Toward the middle of the book Ball enters a discussion on how to configure desktop logins in system files but leaves out discussions on how to select a desktop environment on a per user basis. He mentions .xinitrc and .Xclients but doesn't explain how to launch either GNOME or KDE (in order to override system startup configurations). One option he could have mentioned is to use the .Xclients file in a users $HOME directory to select (and customize) the users desktop. Users interested in using GNOME could add "gnome-session" as the last line of the .Xclients file. For KDE they could add "startkde". No modifications to system files is actually necessary for these minor changes. Once again, though, we have to ask if this is a book for system administrators or non-technical end users?

Despite lacking a clear focus, Ball's book does provide some interesting information, even for relatively experienced users. The section in Chapter 11 on Xvnc, a network based display session management tool, is rather interesting. Since testing certain features under both GNOME and KDE is an important part of my own duties, it's nice to be able to display remote sessions in their entirety on my local monitor. The problem is one of speed, unfortunately. Using Xvnc requires quite a bit of memory on the display box and can be very slow over ordinary 10Mb/second Ethernet. Still, without having reviewed this text I might not have tried using this useful product.

One of the more interesting chapters might be the chapter on office applications, where information on Applix, StarOffice and Corel products is provided. While the chapter is divided into free and non-free sections, the free section did miss discussing AbiWord.

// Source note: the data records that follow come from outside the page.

(* Let $0<H<1$, $1-H<\alpha<1$, let $B^H$ be a fractional Brownian motion, and for $0\le t_2<t_1$ put $X(\mathbf t)=\frac{B^H_{t_1}-B^H_{t_2}}{(t_1-t_2)^{1-\alpha}}+\int_{t_2}^{t_1}\frac{B^H_u-B^H_{t_2}}{(u-t_2)^{2-\alpha}}du$, $\mathbf t=(t_1,t_2)$. Then, with constants $C(H,\alpha)$ depending only on $H,\alpha$: 1) for all $0\le t_2<t_1$, $(EX(\mathbf t)^2)^{1/2}\le C(H,\alpha)(t_1-t_2)^{H+\alpha-1}$; 2)(a) if $H+\alpha\le\frac32$, then for all $0\le t_2<t_1$, $0\le s_2<s_1$ and every $0<\varepsilon<(H+\alpha-1)\wedge\frac12$, $(E|X(\mathbf t)-X(\mathbf s)|^2)^{1/2}\le C(H,\alpha)(1+\varepsilon^{-1})(|t_1-s_1|\vee|t_2-s_2|)^{H+\alpha-1-\varepsilon}(t_1\vee s_1)^\varepsilon$, with $C(H,\alpha)$ independent of $\varepsilon$ and of $\mathbf t,\mathbf s$; 2)(b) if $H+\alpha>\frac32$, then for all $0\le t_2<t_1$, $0\le s_2<s_1$, $(E|X(\mathbf t)-X(\mathbf s)|^2)^{1/2}\le C(H,\alpha)(|t_1-s_1|\vee|t_2-s_2|)^{1/2}(t_1\vee s_1)^{H+\alpha-\frac32}$.
   Context: A fractional Brownian motion with Hurst index $H\in(0,1)$ is a centered Gaussian process $B^H$ with $B^H_0=0$ and $EB^H_tB^H_s=\frac12(t^{2H}+s^{2H}-|t-s|^{2H})$; its continuous modification is used. *)

theory Defs
  imports "HOL-Probability.Probability"
begin

definition centered_gaussian_rv :: "'a measure \<Rightarrow> ('a \<Rightarrow> real) \<Rightarrow> bool" where
  "centered_gaussian_rv M X \<longleftrightarrow>
     (AE \<omega> in M. X \<omega> = 0) \<or> (\<exists>\<sigma>>0. distributed M lborel X (normal_density 0 \<sigma>))"

definition fbm :: "'a measure \<Rightarrow> real \<Rightarrow> (real \<Rightarrow> 'a \<Rightarrow> real) \<Rightarrow> bool" where
  "fbm M H B \<longleftrightarrow>
     prob_space M \<and>
     (\<forall>t. B t \<in> borel_measurable M) \<and>
     (AE \<omega> in M. B 0 \<omega> = 0) \<and>
     (\<forall>I c. finite I \<and> I \<subseteq> {0..} \<longrightarrow>
        centered_gaussian_rv M (\<lambda>\<omega>. \<Sum>t\<in>I. c t * B t \<omega>)) \<and>
     (\<forall>s t. 0 \<le> s \<and> 0 \<le> t \<longrightarrow>
        prob_space.expectation M (\<lambda>\<omega>. B t \<omega> * B s \<omega>)
          = (t powr (2*H) + s powr (2*H) - \<bar>t - s\<bar> powr (2*H)) / 2) \<and>
     (\<forall>\<omega>\<in>space M. continuous_on {0..} (\<lambda>t. B t \<omega>))"

definition fbm_X :: "real \<Rightarrow> (real \<Rightarrow> 'a \<Rightarrow> real) \<Rightarrow> real \<Rightarrow> real \<Rightarrow> 'a \<Rightarrow> real" where
  "fbm_X \<alpha> B t1 t2 \<omega> =
     (B t1 \<omega> - B t2 \<omega>) / (t1 - t2) powr (1 - \<alpha>)
     + (LBINT u=t2..t1. (B u \<omega> - B t2 \<omega>) / (u - t2) powr (2 - \<alpha>))"

end

theory Submission
  imports Defs
begin

(* Put \<gamma> = H + \<alpha> - 1 \<in> (0,1).  Apart from path continuity (for measurability), the only
   property of B that is used is E (B a - B b)^2 = |a - b|^(2H).  The Lebesgue integral in X is controlled by an integral
   Minkowski inequality: if E F(u)^2 \<le> g(u)^2 on (a,b), then E (\<integral>_a^b F)^2 \<le> (\<integral>_a^b g)^2
   (Tonelli plus a weighted Cauchy-Schwarz inequality).  This yields
   (1) E X(t1,t2)^2 \<le> C (t1 - t2)^(2\<gamma>), and
   (2) the uniform Hoelder estimate E (X(t) - X(s))^2 \<le> C D^(2\<gamma>), D = max |t1-s1| |t2-s2|.
       If one of the two intervals has length at most 3D, (2) follows from (1).  Otherwise we
       move first the right and then the left end point; each increment splits into a few
       increments of B with small coefficients and kernel integrals, each of size O(D^\<gamma>).
   Since D \<le> max t1 s1, we have D^\<gamma> \<le> D^(\<gamma>-\<epsilon>) (max t1 s1)^\<epsilon> and, for \<gamma> > 1/2,
   D^\<gamma> \<le> D^(1/2) (max t1 s1)^(\<gamma>-1/2); so both estimates of part 2 of the theorem follow
   from (2) with constants independent of \<epsilon> (the case distinction H + \<alpha> \<le> 3/2 is not needed). *)

section \<open>Elementary real analysis\<close>

lemma powr_neg_diff_le:
  fixes x y \<beta> :: real
  assumes "0 < x" "x \<le> y" "0 < \<beta>"
  shows "x powr (-\<beta>) - y powr (-\<beta>) \<le> \<beta> * (y - x) * x powr (-\<beta> - 1)"
proof (cases "x = y")
  case False
  with assms have xy: "x < y" by simp
  have "\<exists>z>x. z < y \<and> (\<lambda>z. z powr (-\<beta>)) y - (\<lambda>z. z powr (-\<beta>)) x = (y - x) * (-\<beta> * z powr (-\<beta> - 1))"
    by (rule MVT2[OF xy]) (use assms in \<open>auto intro!: derivative_eq_intros simp: powr_diff\<close>)
  then obtain z where z: "x < z" "z < y"
    and mvt: "y powr (-\<beta>) - x powr (-\<beta>) = (y - x) * (-\<beta> * z powr (-\<beta> - 1))" by auto
  have "z powr (-\<beta> - 1) \<le> x powr (-\<beta> - 1)"
    using z assms by (intro powr_mono2') auto
  then have "\<beta> * (y - x) * z powr (-\<beta> - 1) \<le> \<beta> * (y - x) * x powr (-\<beta> - 1)"
    using assms xy by (intro mult_left_mono) auto
  then show ?thesis using mvt by (simp add: algebra_simps)
qed simp

lemma nn_integral_powr_left_end:
  fixes a b e :: real
  assumes "0 < e" "a < b"
  shows "(\<integral>\<^sup>+u. ennreal ((u - a) powr (e - 1)) * indicator {a<..<b} u \<partial>lborel) = ennreal ((b - a) powr e / e)"
proof -
  let ?F = "\<lambda>u. (u - a) powr e / e"
  have c: "continuous_on {a..b} ?F"
    using assms by (intro continuous_on_divide continuous_on_powr' continuous_intros) auto
  have "(?F \<longlongrightarrow> ?F a) (at_right a)"
    using c assms unfolding continuous_on_def by (metis atLeastAtMost_iff order_refl less_imp_le at_within_Icc_at_right)
  then have lim_a: "((?F \<circ> real_of_ereal) \<longlongrightarrow> 0) (at_right (ereal a))"
    by (simp add: ereal_tendsto_simps)
  have "(?F \<longlongrightarrow> ?F b) (at_left b)"
    using c assms unfolding continuous_on_def by (metis atLeastAtMost_iff at_within_Icc_at_left order_refl less_imp_le)
  then have lim_b: "((?F \<circ> real_of_ereal) \<longlongrightarrow> (b - a) powr e / e) (at_left (ereal b))"
    by (simp add: ereal_tendsto_simps)
  have FTC: "set_integrable lborel (einterval a b) (\<lambda>u. (u - a) powr (e - 1))"
    "(LBINT u=ereal a..ereal b. (u - a) powr (e - 1)) = (b - a) powr e / e - 0"
    by (rule interval_integral_FTC_nonneg[OF _ _ _ _ lim_a lim_b];
        use assms in \<open>auto intro!: derivative_eq_intros continuous_intros simp: powr_diff\<close>)+
  have "(\<integral>\<^sup>+u. ennreal ((u - a) powr (e - 1)) * indicator {a<..<b} u \<partial>lborel)
      = (\<integral>\<^sup>+u. ennreal (indicator {a<..<b} u *\<^sub>R (u - a) powr (e - 1)) \<partial>lborel)"
    by (intro nn_integral_cong) (auto split: split_indicator)
  also have "\<dots> = ennreal (\<integral>u. indicator {a<..<b} u *\<^sub>R (u - a) powr (e - 1) \<partial>lborel)"
    using FTC(1) by (intro nn_integral_eq_integral) (auto simp: set_integrable_def)
  also have "\<dots> = ennreal ((b - a) powr e / e)"
    using FTC(2) assms
    by (simp add: interval_integral_Ioo interval_integral_eq_integral set_lebesgue_integral_def)
  finally show ?thesis .
qed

After introducing many basic applications, commercial office suites and even a wide variety of games, Ball then returns to configuration issues. These range from keyboard and input devices using USB connections to configuring screen resolutions, using TrueType fonts and enabling screensavers. He closes with issues related to building X from source (does anyone who wants to know how to run WordPerfect really worry about building X from source?) and applications using various graphical toolkits.

Though Ball covers a wide range of applications, he doesn't give enough information about any one of them to do much useful work. The references sections at the end of each chapter will lead you to more meat, but you can't help but wish that more details were provided for at least one or two applications in each chapter. Ball does try to address both of the two major desktop environments throughout the text but there seems to be a bit more information on KDE-related tools and configuration than on GNOME.

The New XFree86 isn't a bad text, but it's not an overly informative one either. If you're looking for a reference guide to tools for a specific task and where you might find them on the Internet, this book is a handy addition to your library. If you want the meat of either how to use an application or desktop environment or perhaps how to program under X, this book will likely disappoint.